One time at a small comedy club, during the week when the crowd was scant, but the spirits were flowing, my wife had the great idea of volunteering to the stand-up guy that I did ECT. "Honey, can we go home now?"

Anonymous said...

Mrs. S. was drinking, wasn't she.

I met Mrs. X at a gym. We spoke for the first time after a month or so of flirtation at a distance. She was fine with me being a psychologist, but she had previously been involved with a CSW. What really gave me a laugh is that, prior to the first time we spoke, she thought I might be an iron worker or a plumber.

Mrs. X is an actress and, generally, people in her world are pretty comfortable with what I do. Nonetheless, she knows that I prefer that she not gratuitously mention my occupation to strangers at cocktail parties.

I can't even imagine what it would be like to have someone announce, in a comedy club, that you do ECT! Enough material there for the rest of the show.

Anonymous said...

Your post title reminded me of an Incident long ago when I started working with my first analyst. I thought I was being clever calling therapy Shrinkage. That was the only time I ever saw her get truly angry ...

Retriever said...

Back when I was a chaplain, and first engaged to my spouse (then an investment banker) I would do anything to avoid people at parties finding out what I did.
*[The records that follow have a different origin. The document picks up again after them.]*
definition is_SYT :: "nat list \<Rightarrow> (nat \<times> nat \<Rightarrow> nat) \<Rightarrow> bool" where
  "is_SYT lam T \<longleftrightarrow> bij_betw T (cells lam) {1..psize lam}
     \<and> (\<forall>i j. (i, j + 1) \<in> cells lam \<longrightarrow> T (i, j) < T (i, j + 1))
     \<and> (\<forall>i j. (i + 1, j) \<in> cells lam \<longrightarrow> T (i, j) < T (i + 1, j))"

definition GL_card :: "nat \<Rightarrow> real \<Rightarrow> real" where
  "GL_card m q = (\<Prod>k<m. q ^ m - q ^ k)"

definition A_stat :: "nat list \<Rightarrow> (nat \<times> nat \<Rightarrow> nat) \<Rightarrow> nat \<times> nat \<Rightarrow> nat" where
  "A_stat lam T c = card {i'. (i', snd c - 1) \<in> cells lam \<and> T (i', snd c - 1) < T c}"

definition B_stat :: "nat list \<Rightarrow> (nat \<times> nat \<Rightarrow> nat) \<Rightarrow> nat \<times> nat \<Rightarrow> nat" where
  "B_stat lam T c = card {i'. (i', 1) \<in> cells lam \<and> T (i', 1) < T c}"

definition cell_of :: "nat list \<Rightarrow> (nat \<times> nat \<Rightarrow> nat) \<Rightarrow> nat \<Rightarrow> nat \<times> nat" where
  "cell_of lam T k = (THE c. c \<in> cells lam \<and> T c = k)"

text \<open>Length of column s of the shape formed by the boxes with labels < k
  (the current shape just before box k is created).\<close>
definition col_before :: "nat list \<Rightarrow> (nat \<times> nat \<Rightarrow> nat) \<Rightarrow> nat \<Rightarrow> nat \<Rightarrow> nat" where
  "col_before lam T k s = card {i. (i, s) \<in> cells lam \<and> T (i, s) < k}"

text \<open>Probability that, during interval r, after a heads the column chosen for box k
  is the column of box k in T (given the current shape determined by T).\<close>
definition col_choice :: "real \<Rightarrow> nat list \<Rightarrow> (nat \<times> nat \<Rightarrow> nat) \<Rightarrow> nat \<Rightarrow> nat \<Rightarrow> real" where
  "col_choice q lam T r k =
     (let s = snd (cell_of lam T k); L = col_before lam T k in
      if s = 1 then (q powi (int r - int (L 1)) - 1) / (q ^ r - 1)
      else (q powi (int r - int (L s)) - q powi (int r - int (L (s - 1)))) / (q ^ r - 1))"

text \<open>P^N(T): sum over all ways of distributing the n = |T| box creations among the
  intervals 1..N (weakly increasing list giving the interval of box k) of the
  probability of the corresponding sequence of coin flips and column choices;
  each interval r = 1..N ends with one tails of coin r.\<close>
definition PN :: "real \<Rightarrow> real \<Rightarrow> nat \<Rightarrow> nat list \<Rightarrow> (nat \<times> nat \<Rightarrow> nat) \<Rightarrow> real" where
  "PN q u N lam T =
     (\<Sum>iv \<in> {xs. length xs = psize lam \<and> sorted xs \<and> set xs \<subseteq> {1..N}}.
        (\<Prod>k\<in>{1..psize lam}. u / q ^ (iv ! (k - 1)) * col_choice q lam T (iv ! (k - 1)) k))
     * (\<Prod>r\<in>{1..N}. 1 - u / q ^ r)"

end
My fiance and I had been fixed up by relatives who had known each other 60 years. He had fallen for me despite my asking him, Savanarola-ish, why he wanted to work in such a scummy den of thieves. At the parties, everyone would start making excuses to me for why they didn't go to church or temple any more, but avowing how they really were very spiritual, etc. I am convinced that my profession seriously hurt my husband's career eventually as it was something of an interesting and odd tidbit that people tended to remember. Not one calculated to make the other pirates pick one for the next raid....

Anonymous said...

You know those types of unashamedly imposing people that at the first whiff of being acquainted with a professional of some sort (doctors, dentists & lawyers in particular) at a dinner party or whatever, will feel the uncontrollable urge to give vent to every vexing personal issue they may be currently in a dither about regarding the field in question - and then expect an impromptu free consultation there and then? I don't suppose divulging psychiatry as your profession attracts the same enthusiasm... 'I was just wondering--if it's not too much trouble--could you have a look at these bizarre thought processes I've been having of late, and these really odd fixations!...oh, please tell me I'm normal!..' No, I don't think so...
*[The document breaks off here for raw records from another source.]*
(* Let $\overline{\mathrm{PRCN}}\subseteq\mathbb{R}$ be the set of real numbers of the form $I+\sum_{i=1}^\infty P(i)2^{-i}$ with $I\in\mathbb{Z}$ and $P:\mathbb{Z}^+\to\{0,1\}$ primitive recursive, and let $\overline{\mathrm{SPRCN}}\subseteq\mathbb{R}$ be the set of real numbers of the form $I+\sum_{i=1}^\infty P(i)2^{-i}$ with $I\in\mathbb{Z}$ and $P:\mathbb{Z}^+\to\{-1,0,1\}$ primitive recursive. Then $\overline{\mathrm{PRCN}}\subsetneq\overline{\mathrm{SPRCN}}$; that is, there is a real number which is the value of some signed primitive recursive binary series with digits in $\{-1,0,1\}$ but which has no binary expansion (with digits in $\{0,1\}$, after an integer part) given by a primitive recursive digit function.
   Context: A function $\mathbb{Z}^+\to\{0,1\}$ or $\mathbb{Z}^+\to\{-1,0,1\}$ is primitive recursive if it is obtained from a primitive recursive $P':\mathbb{N}\to\mathbb{N}$ via a primitive recursive encoding of the finitely many values. *)

theory Defs
  imports Complex_Main
begin

fun prec_fun :: "(nat list \<Rightarrow> nat) \<Rightarrow> (nat list \<Rightarrow> nat) \<Rightarrow> nat \<Rightarrow> nat list \<Rightarrow> nat" where
  "prec_fun g h 0 ys = g ys"
| "prec_fun g h (Suc k) ys = h (k # prec_fun g h k ys # ys)"

text \<open>PR n f: f is an n-ary primitive recursive function (arguments as a list
  of length n).\<close>

inductive PR :: "nat \<Rightarrow> (nat list \<Rightarrow> nat) \<Rightarrow> bool" where
  zero: "PR n (\<lambda>_. 0)"
| succ: "PR 1 (\<lambda>xs. Suc (hd xs))"
| proj: "i < n \<Longrightarrow> PR n (\<lambda>xs. xs ! i)"
| comp: "PR m f \<Longrightarrow> length gs = m \<Longrightarrow> (\<forall>g\<in>set gs. PR n g)
          \<Longrightarrow> PR n (\<lambda>xs. f (map (\<lambda>g. g xs) gs))"
| prec: "PR n g \<Longrightarrow> PR (Suc (Suc n)) h
          \<Longrightarrow> PR (Suc n) (\<lambda>xs. prec_fun g h (hd xs) (tl xs))"

definition prim_rec1 :: "(nat \<Rightarrow> nat) \<Rightarrow> bool" where
  "prim_rec1 P \<longleftrightarrow> (\<exists>f. PR 1 f \<and> (\<forall>x. P x = f [x]))"

text \<open>A digit function Z+ -> {-1,0,1} is given by a unary primitive recursive
  P' : nat -> nat with values in {0,1,2}; digit i is P' i - 1.\<close>

definition PRCN :: "real set" where
  "PRCN = {x. \<exists>(I::int) P. prim_rec1 P \<and> (\<forall>i. P i \<le> 1) \<and>
              x = of_int I + (\<Sum>i. real (P (Suc i)) / 2 ^ Suc i)}"

definition SPRCN :: "real set" where
  "SPRCN = {x. \<exists>(I::int) P. prim_rec1 P \<and> (\<forall>i. P i \<le> 2) \<and>
              x = of_int I + (\<Sum>i. (real (P (Suc i)) - 1) / 2 ^ Suc i)}"

end

theory Submission
  imports Defs "HOL-Library.Nat_Bijection"
begin

text \<open>Primitive recursive functions have numerical codes, and a finite trace certifying the value of
  code \<open>c\<close> at \<open>x\<close> can be checked primitive recursively, although it cannot be found within any
  primitive recursive bound uniformly in \<open>c\<close>. The signed digit sequence therefore diagonalises
  slowly: it treats the codes \<open>c = 0, 1, 2, \<dots>\<close> in consecutive blocks. The block of \<open>c\<close> starts at
  some position \<open>k\<close> and consists of digits \<open>0\<close>, one per candidate certificate, until the value of
  code \<open>c\<close> at \<open>k\<close> is certified; then it writes \<open>-1\<close> if that value is \<open>0\<close> and \<open>+1\<close> otherwise,
  followed by the digit \<open>0\<close> that opens the next block. The tail of the resulting series after
  position \<open>k\<close> then has the sign of that digit and modulus below \<open>1\<close>, which forces digit \<open>k\<close> of
  every \<open>{0, 1}\<close>-expansion of the same number to be \<open>1\<close> resp. \<open>0\<close>, contradicting code \<open>c\<close>.
  The inclusion itself only shifts digits by one.\<close>

section \<open>Primitive recursive functions on argument lists\<close>

definition arg :: "nat \<Rightarrow> nat list \<Rightarrow> nat" where
  "arg k xs = (if k < length xs then xs ! k else 0)"

lemma arg_Cons_0 [simp]: "arg 0 (x # xs) = x"
  by (simp add: arg_def)

lemma arg_Cons_Suc [simp]: "arg (Suc k) (x # xs) = arg k xs"
  by (simp add: arg_def)

lemma arg_tl [simp]: "arg k (tl xs) = arg (Suc k) xs"
  by (cases xs) (simp_all add: arg_def)

lemma map_arg_upt: "length xs = n + k \<Longrightarrow> map (\<lambda>i. arg i xs) [k..<n + k] = drop k xs"
  by (rule nth_equalityI) (simp_all add: arg_def)

text \<open>Unlike \<open>PR\<close>, this notion only sees argument lists of length \<open>n\<close> and is invariant under
  extensional equality there, so closure properties can be stated for arbitrary HOL terms.\<close>

definition prim_rec :: "nat \<Rightarrow> (nat list \<Rightarrow> nat) \<Rightarrow> bool" where
  "prim_rec n F \<longleftrightarrow> (\<exists>f. PR n f \<and> (\<forall>xs. length xs = n \<longrightarrow> f xs = F xs))"

lemma prim_rec1_iff: "prim_rec1 P \<longleftrightarrow> prim_rec 1 (\<lambda>xs. P (arg 0 xs))"
proof
  assume "prim_rec1 P"
  then show "prim_rec 1 (\<lambda>xs. P (arg 0 xs))"
    unfolding prim_rec1_def prim_rec_def by (auto simp: length_Suc_conv)
qed (auto simp: prim_rec1_def prim_rec_def)

lemma prim_rec_cong: "prim_rec n F \<Longrightarrow> (\<And>xs. length xs = n \<Longrightarrow> F xs = G xs) \<Longrightarrow> prim_rec n G"
  unfolding prim_rec_def by metis

lemma prim_rec_arg: "k < n \<Longrightarrow> prim_rec n (arg k)"
  unfolding prim_rec_def by (auto intro!: exI[of _ "\<lambda>xs. xs ! k"] PR.proj simp: arg_def)

lemma prim_rec_comp:
  assumes G: "prim_rec m G" and len: "length Fs = m" and Fs: "\<forall>F\<in>set Fs. prim_rec n F"
  shows "prim_rec n (\<lambda>xs. G (map (\<lambda>F. F xs) Fs))"
proof -
  obtain g where g: "PR m g" "\<forall>xs. length xs = m \<longrightarrow> g xs = G xs"
    using G unfolding prim_rec_def by blast
  obtain f where f: "\<forall>F\<in>set Fs. PR n (f F) \<and> (\<forall>xs. length xs = n \<longrightarrow> f F xs = F xs)"
    using Fs unfolding prim_rec_def by metis
  have "PR n (\<lambda>xs. g (map (\<lambda>h. h xs) (map f Fs)))"
    using g(1) f len by (intro PR.comp) auto
  moreover have "g (map (\<lambda>h. h xs) (map f Fs)) = G (map (\<lambda>F. F xs) Fs)" if "length xs = n" for xs
    using that f g(2) len by (simp cong: map_cong)
  ultimately show ?thesis
    unfolding prim_rec_def by blast
qed

lemma prim_rec_reindex:
  "prim_rec m G \<Longrightarrow> length is = m \<Longrightarrow> \<forall>i\<in>set is. i < n \<Longrightarrow> prim_rec n (\<lambda>xs. G (map (\<lambda>i. arg i xs) is))"
  using prim_rec_comp[of m G "map arg is" n] by (simp add: comp_def prim_rec_arg)

lemma prim_rec_tl: "prim_rec n F \<Longrightarrow> prim_rec (Suc n) (\<lambda>xs. F (tl xs))"
  by (rule prim_rec_cong[OF prim_rec_reindex[of n F "[1..<n + 1]"]])
     (auto simp: map_arg_upt[where k = 1, simplified] drop_Suc)

lemma prim_rec_Cons: "prim_rec (Suc n) F \<Longrightarrow> prim_rec n K \<Longrightarrow> prim_rec n (\<lambda>xs. F (K xs # xs))"
  by (rule prim_rec_cong[OF prim_rec_comp[of "Suc n" F "K # map arg [0..<n]" n]])
     (simp_all add: prim_rec_arg comp_def map_arg_upt[where k = 0, simplified])

lemma prim_rec_prec_fun:
  assumes "prim_rec n G" and "prim_rec (Suc (Suc n)) H"
  shows "prim_rec (Suc n) (\<lambda>xs. prec_fun G H (hd xs) (tl xs))"
proof -
  obtain g h where g: "PR n g" "\<forall>xs. length xs = n \<longrightarrow> g xs = G xs"
    and h: "PR (Suc (Suc n)) h" "\<forall>xs. length xs = Suc (Suc n) \<longrightarrow> h xs = H xs"
    using assms unfolding prim_rec_def by blast
  have "prec_fun g h k ys = prec_fun G H k ys" if "length ys = n" for k ys
    using that g(2) h(2) by (induction k) simp_all
  then show ?thesis
    unfolding prim_rec_def by (auto intro!: exI[of _ "\<lambda>xs. prec_fun g h (hd xs) (tl xs)"] PR.prec g h)
qed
I would suspect that when people discover what you do they become instantly anxious about tucking in all those frilly unsightly frayed bits protruding from their psyches...a bit like the awkward self-consciousness, and maybe a little embarrassment, that excessively tidy & over-groomed people elicit when in juxtaposition to the more unkempt ferrel breed of personages that dare go about untucked/unmasked...ha! the horror!

Novalis said...

Shhh, put that id back were it belongs...

Anonymous said...

My ID stays hidden...along with my secret Billy Joel obsession - oh f#@!, it's out now (SSHHh, don't tell anyone..)

Pam M.S. MD said...

Clarification of comment about being married to a psychiatrist...
What's it like being married to a psychiatrist?
It's like being married to any other clueless man (with regard to the delicate understanding of a woman's feelings).
Another common question, "Doesn't he try to psychoanalyze you?"
Answer: No, well, let me rephrase that, "Hell, no".
You know I love you dear.
At the end of a long day, a psychiatrist is brain dead of psychoanalyzing...
At the comedy club Mrs. Dr. S was drinking, but this is not a prerequisite to making humor of Novalis, which is great fun to Mrs. S., which I'm sure no one will find shocking (get it, ECT, shocking).
Novalis continues with his intellectual banter as his wife watches reality t.v. and reads tabloids, and ponders all the blood and gore that I experience and think what a shame Novalis is a psychiatrist and he misses out on these gems of experiences.